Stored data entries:
■ ■ ■

text \<open>On composable triples (u, v, w), the section s' is (u, v) \<mapsto> (u, v, 1) and tb is
  (v, w) \<mapsto> (1, v, w).\<close>

lemma multiplication_assoc:
  assumes X3: "is_pullback C pi2 pi1 X3 q1 q2"
    and a: "hom C a X3 X2" "cmp C pi1 a = cmp C m q1" "cmp C pi2 a = cmp C pi2 q2"
    and b: "hom C b X3 X2" "cmp C pi1 b = cmp C pi1 q1" "cmp C pi2 b = cmp C m q2"
  shows "cmp C m a = cmp C m b"
proof -
  have arrow_types: "src C q1 = X3" "tgt C q1 = X2" "src C q2 = X3" "tgt C q2 = X2"
    "src C a = X3" "tgt C a = X2" "src C b = X3" "tgt C b = X2"
    using pullbackD[OF X3] a b graph_types unfolding hom_def by auto
  note simps = graph_simps multiplication_simps arrow_types a(2,3) b(2,3)
    a(2,3)[THEN cmp_assoc_eq] b(2,3)[THEN cmp_assoc_eq]
    multiplication_source multiplication_target
    multiplication_source[THEN cmp_assoc_eq] multiplication_target[THEN cmp_assoc_eq]
  obtain s' where s': "src C s' = X2" "tgt C s' = X3" "cmp C q1 s' = idn C X2"
      "cmp C q2 s' = cmp C i1 pi2"
    by (rule pullback_pairing[OF X3, of "idn C X2" "cmp C i1 pi2"]) (simp_all add: simps)
  obtain tb where tb: "src C tb = X2" "tgt C tb = X3" "cmp C q1 tb = cmp C i2 pi1"
      "cmp C q2 tb = idn C X2"
    by (rule pullback_pairing[OF X3, of "cmp C i2 pi1" "idn C X2"]) (simp_all add: simps)
  note simps = simps s' tb s'(3,4)[THEN cmp_assoc_eq] tb(3,4)[THEN cmp_assoc_eq]
  have a_s': "cmp C a s' = cmp C i1 m"
    by (rule pullback_arrow_eqI[OF pb]) (simp_all add: simps)
  have b_s': "cmp C b s' = idn C X2"
    by (rule pullback_arrow_eqI[OF pb]) (simp_all add: simps)
  have a_tb: "cmp C a tb = idn C X2"
    by (rule pullback_arrow_eqI[OF pb]) (simp_all add: simps)
  have b_tb: "cmp C b tb = cmp C i2 m"
    by (rule pullback_arrow_eqI[OF pb]) (simp_all add: simps)
  show ?thesis
    by (rule sigma_maltsev_cancel[OF malt pi1_i1_in_Sigma split_epi_pi2_i2 X3, of s' tb])
      (simp_all add: simps a_s' b_s' a_tb b_tb)
qed
(* Let $\{G_\theta:\theta>0\}$ be one of the parametric families listed below, indexed by the indicated parameter $\theta$ (all other parameters held fixed at arbitrary admissible values), let $G=G_1$, let $\theta>1$, and let $\ell$ denote the logarithmic loss. Then: (a) If the family is the normal scale family, exponential scale family, Laplace scale family, Weibull scale family, gamma scale family, generalized gamma scale family, or the log-normal log-scale family, then $\ell(G_\theta,G)<\ell(G_{1/\theta},G)$. (b) If the family is the inverse gamma scale family, then $\ell(G_\theta,G)>\ell(G_{1/\theta},G)$. (c) If the family is the gamma shape family, generalized gamma shape family, Pareto shape family, inverse Gaussian shape family, beta shape family, or the Poisson rate family, then $\ell(G_\theta,G)>\ell(G_{1/\theta},G)$.
   Context: Logarithmic loss: for a forecast $F$ with density (or probability mass function) $f$, $\ell(F,y)=-\log f(y)$, and $\ell(F,G)=\mathbb{E}[-\log f(Y)]$ for $Y\sim G$. Families (parameter $\theta$ is the one named; others fixed): - Normal scale family: $N(0,\theta^2)$. Laplace scale family: density $(2\theta)^{-1}e^{-|x|/\theta}$, $x\in\mathbb{R}$. Exponential scale family: density $\theta^{-1}e^{-x/\theta}$, $x>0$. - Generalized gamma scale family (fixed $k,\gamma>0$): density $\Gamma(k/\gamma)^{-1}\theta^{-k}\gamma x^{k-1}e^{-(x/\theta)^\gamma}$, $x>0$; the gamma scale family is the case $\gamma=1$, the Weibull scale family the case $k=\gamma$. - Log-normal log-scale family (fixed $\mu\in\mathbb{R}$): density $(x\theta\sqrt{2\pi})^{-1}e^{-(\log x-\mu)^2/(2\theta^2)}$, $x>0$. - Inverse gamma scale family (fixed $k>0$): density $\Gamma(k)^{-1}\theta^k x^{-k-1}e^{-\theta/x}$, $x>0$. - Generalized gamma shape family (fixed $\sigma,\gamma>0$): density $\Gamma(\theta/\gamma)^{-1}\sigma^{-\theta}\gamma x^{\theta-1}e^{-(x/\sigma)^\gamma}$, $x>0$; the gamma shape family is the case $\gamma=1$. - Pareto shape family (fixed $m>0$): density $\theta m^\theta x^{-\theta-1}$, $x\ge m$. - Inverse Gaussian shape family (fixed $\mu>0$): density $\sqrt{\theta/(2\pi x^3)}\,e^{-\theta(x-\mu)^2/(2\mu^2x)}$, $x>0$. - Beta shape family (fixed $\beta>0$): density $x^{\theta-1}(1-x)^{\beta-1}\Gamma(\theta+\beta)/(\Gamma(\theta)\Gamma(\beta))$, $x\in(0,1)$. - Poisson rate family: probability mass function $\theta^k e^{-\theta}/k!$, $k\in\{0,1,2,\dots\}$. *)

theory Defs
  imports "HOL-Probability.Probability"
begin

definition logloss :: "real set \<Rightarrow> (real \<Rightarrow> real) \<Rightarrow> (real \<Rightarrow> real) \<Rightarrow> real" where
  "logloss S f g = (LINT y:S|lborel. g y * (- ln (f y)))"

definition logloss_discrete :: "(nat \<Rightarrow> real) \<Rightarrow> (nat \<Rightarrow> real) \<Rightarrow> real" where
  "logloss_discrete f g = (\<Sum>k. g k * (- ln (f k)))"

(* Normal scale family N(0,theta^2): normal_density 0 theta from HOL-Probability *)

definition laplace_scale_dens :: "real \<Rightarrow> real \<Rightarrow> real" where
  "laplace_scale_dens \<theta> x = exp (- \<bar>x\<bar> / \<theta>) / (2 * \<theta>)"

definition exp_scale_dens :: "real \<Rightarrow> real \<Rightarrow> real" where
  "exp_scale_dens \<theta> x = exp (- x / \<theta>) / \<theta>"

definition gengamma_scale_dens :: "real \<Rightarrow> real \<Rightarrow> real \<Rightarrow> real \<Rightarrow> real" where
  "gengamma_scale_dens k \<gamma> \<theta> x =
     \<gamma> * x powr (k - 1) * exp (- ((x / \<theta>) powr \<gamma>)) / (Gamma (k / \<gamma>) * \<theta> powr k)"

definition lognormal_logscale_dens :: "real \<Rightarrow> real \<Rightarrow> real \<Rightarrow> real" where
  "lognormal_logscale_dens \<mu> \<theta> x =
     exp (- (ln x - \<mu>)\<^sup>2 / (2 * \<theta>\<^sup>2)) / (x * \<theta> * sqrt (2 * pi))"

definition invgamma_scale_dens :: "real \<Rightarrow> real \<Rightarrow> real \<Rightarrow> real" where
  "invgamma_scale_dens k \<theta> x = \<theta> powr k * x powr (- k - 1) * exp (- \<theta> / x) / Gamma k"

definition gengamma_shape_dens :: "real \<Rightarrow> real \<Rightarrow> real \<Rightarrow> real \<Rightarrow> real" where
  "gengamma_shape_dens \<sigma> \<gamma> \<theta> x =
     \<gamma> * x powr (\<theta> - 1) * exp (- ((x / \<sigma>) powr \<gamma>)) / (Gamma (\<theta> / \<gamma>) * \<sigma> powr \<theta>)"

definition pareto_shape_dens :: "real \<Rightarrow> real \<Rightarrow> real \<Rightarrow> real" where
  "pareto_shape_dens m \<theta> x = \<theta> * m powr \<theta> * x powr (- \<theta> - 1)"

■ ■ ■

**WHAT TO WORK ON**. With "Rightarrow" as the search word, count the matching lines in the records and give the number alone.

**OUTPUT**. 9